Tall Beds (three steel beds constructed to stand high above the viewer) operated as monumental sculpture, industrial and stark, at the Ikon; at the Bluecoat they evoke the fairytale grotesque. Similarly, Falling (a frieze of polar fleece figures) now occupies a room of its own at the Bluecoat, whereas it was placed alongside Tall Beds at the Ikon. How do you see the meanings of the work fluctuating between each site?
At the Bluecoat, the Falling room has been converted into a nursery. The figures occupy three of the wall spaces, literally surrounding the viewer. The inclusion of Loss (a small copper truck-like object containing a pile of ash) adds to the sense of play. The figures existence and meaning become inseperable from the toy-like truck.

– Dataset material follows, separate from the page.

(* Let $\mathcal{F}$ be a set of probability distributions on $\Theta$, and suppose there exist $\epsilon_n>0$ and $\rho_n\in\mathcal{F}$ such that (i) $\int \mathcal{K}(P^{(n)}_{\theta_0},P^{(n)}_{\theta})\,\rho_n(d\theta)=\int \mathrm{E}[r_n(\theta,\theta_0)]\,\rho_n(d\theta)\le n\epsilon_n$; (ii) $\int \mathrm{Var}(r_n(\theta,\theta_0))\,\rho_n(d\theta)\le n\epsilon_n$; (iii) $\mathcal{K}(\rho_n,\pi)\le n\epsilon_n$. Then for every $\alpha\in(0,1)$ and every $(\epsilon,\eta)\in(0,1)\times(0,1)$, $$P^{(n)}_{\theta_0}\Big[\int D_{\alpha}(P^{(n)}_{\theta},P^{(n)}_{\theta_0})\,\tilde{\pi}_{n,\alpha|X^n}(d\theta)\le \frac{(\alpha+1)n\epsilon_n+\alpha\sqrt{n\epsilon_n/\eta}-\log\epsilon}{1-\alpha}\Big]\ge 1-\epsilon-\eta.$$
   Context: $\Theta\subseteq\mathbb{R}^d$. For each $\theta\in\Theta$ and $n\ge1$, $P^{(n)}_\theta$ is a probability distribution of $X^n=(X_0,\dots,X_n)$ with density $p^{(n)}_\theta$ with respect to a common dominating measure; the data are distributed as $P^{(n)}_{\theta_0}$, and $\mathrm{E},\mathrm{Var},P$ are taken under $P^{(n)}_{\theta_0}$. $r_n(\theta,\theta_0):=\log\big(p^{(n)}_{\theta_0}(X^n)/p^{(n)}_{\theta}(X^n)\big)$. For $\alpha\in(0,1)$, $D_{\alpha}(P^{(n)}_{\theta},P^{(n)}_{\theta_0}):=\frac{1}{\alpha-1}\log\int \exp(-\alpha r_n(\theta,\theta_0)(x))\,p^{(n)}_{\theta_0}(x)\,dx$ ($\alpha$-Rényi divergence); $\mathcal{K}$ denotes Kullback–Leibler divergence. $\pi$ is a prior on $\Theta$. The fractional (tempered) posterior is $\pi_{n,\alpha|X^n}(d\theta)=e^{-\alpha r_n(\theta,\theta_0)}\pi(d\theta)/\int e^{-\alpha r_n(\gamma,\theta_0)}\pi(d\gamma)$, and its variational approximation is $\tilde\pi_{n,\alpha|X^n}:=\arg\min_{\rho\in\mathcal{F}}\mathcal{K}(\rho,\pi_{n,\alpha|X^n})$, equivalently a minimizer over $\rho\in\mathcal{F}$ of $\alpha\int r_n(\theta,\theta_0)\rho(d\theta)+\mathcal{K}(\rho,\pi)$; it is assumed to exist (elements of $\mathcal F$ are absolutely continuous with respect to $\pi$). *)

theory Defs
  imports "HOL-Probability.Probability"
begin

Falling was like a commemorative wall at the Ikon, as opposed to a nursery room, situated in a space which evoked nightmare, through the juxtaposition of objects within the open space of the upper gallery.
Yes, there the white satin horses functioned as dreams or redundant costumes, whereas at the Bluecoat the warrior associations of the work come to the fore within the room of armoury.

The multi-faceted nature of your work is revealed in this process of re-contextualization. At the Mead Gallery, for example, a museum-like display was created. The works, being dramatically lit, took on the characteristics of spoils of war. It was here that your interest in armour was most noticeable. How did you first come to examine this form of costume?
I always had a fascination with armour. Innocence (a boxed orange dress wearing a knife) refers to Sikhism, the idea of carrying a weapon as a symbol of strength. When the use of armour initially appeared in my early work it was to do with barriers, defining one’s space as one’s own, and then with the territory of the home. But to use armour is a cliché. I try to use it in a subtler manner. The armoury does not in fact defend, but acts as a hindrance or offers only partial protection. Many of the felt figures are clothed in armour.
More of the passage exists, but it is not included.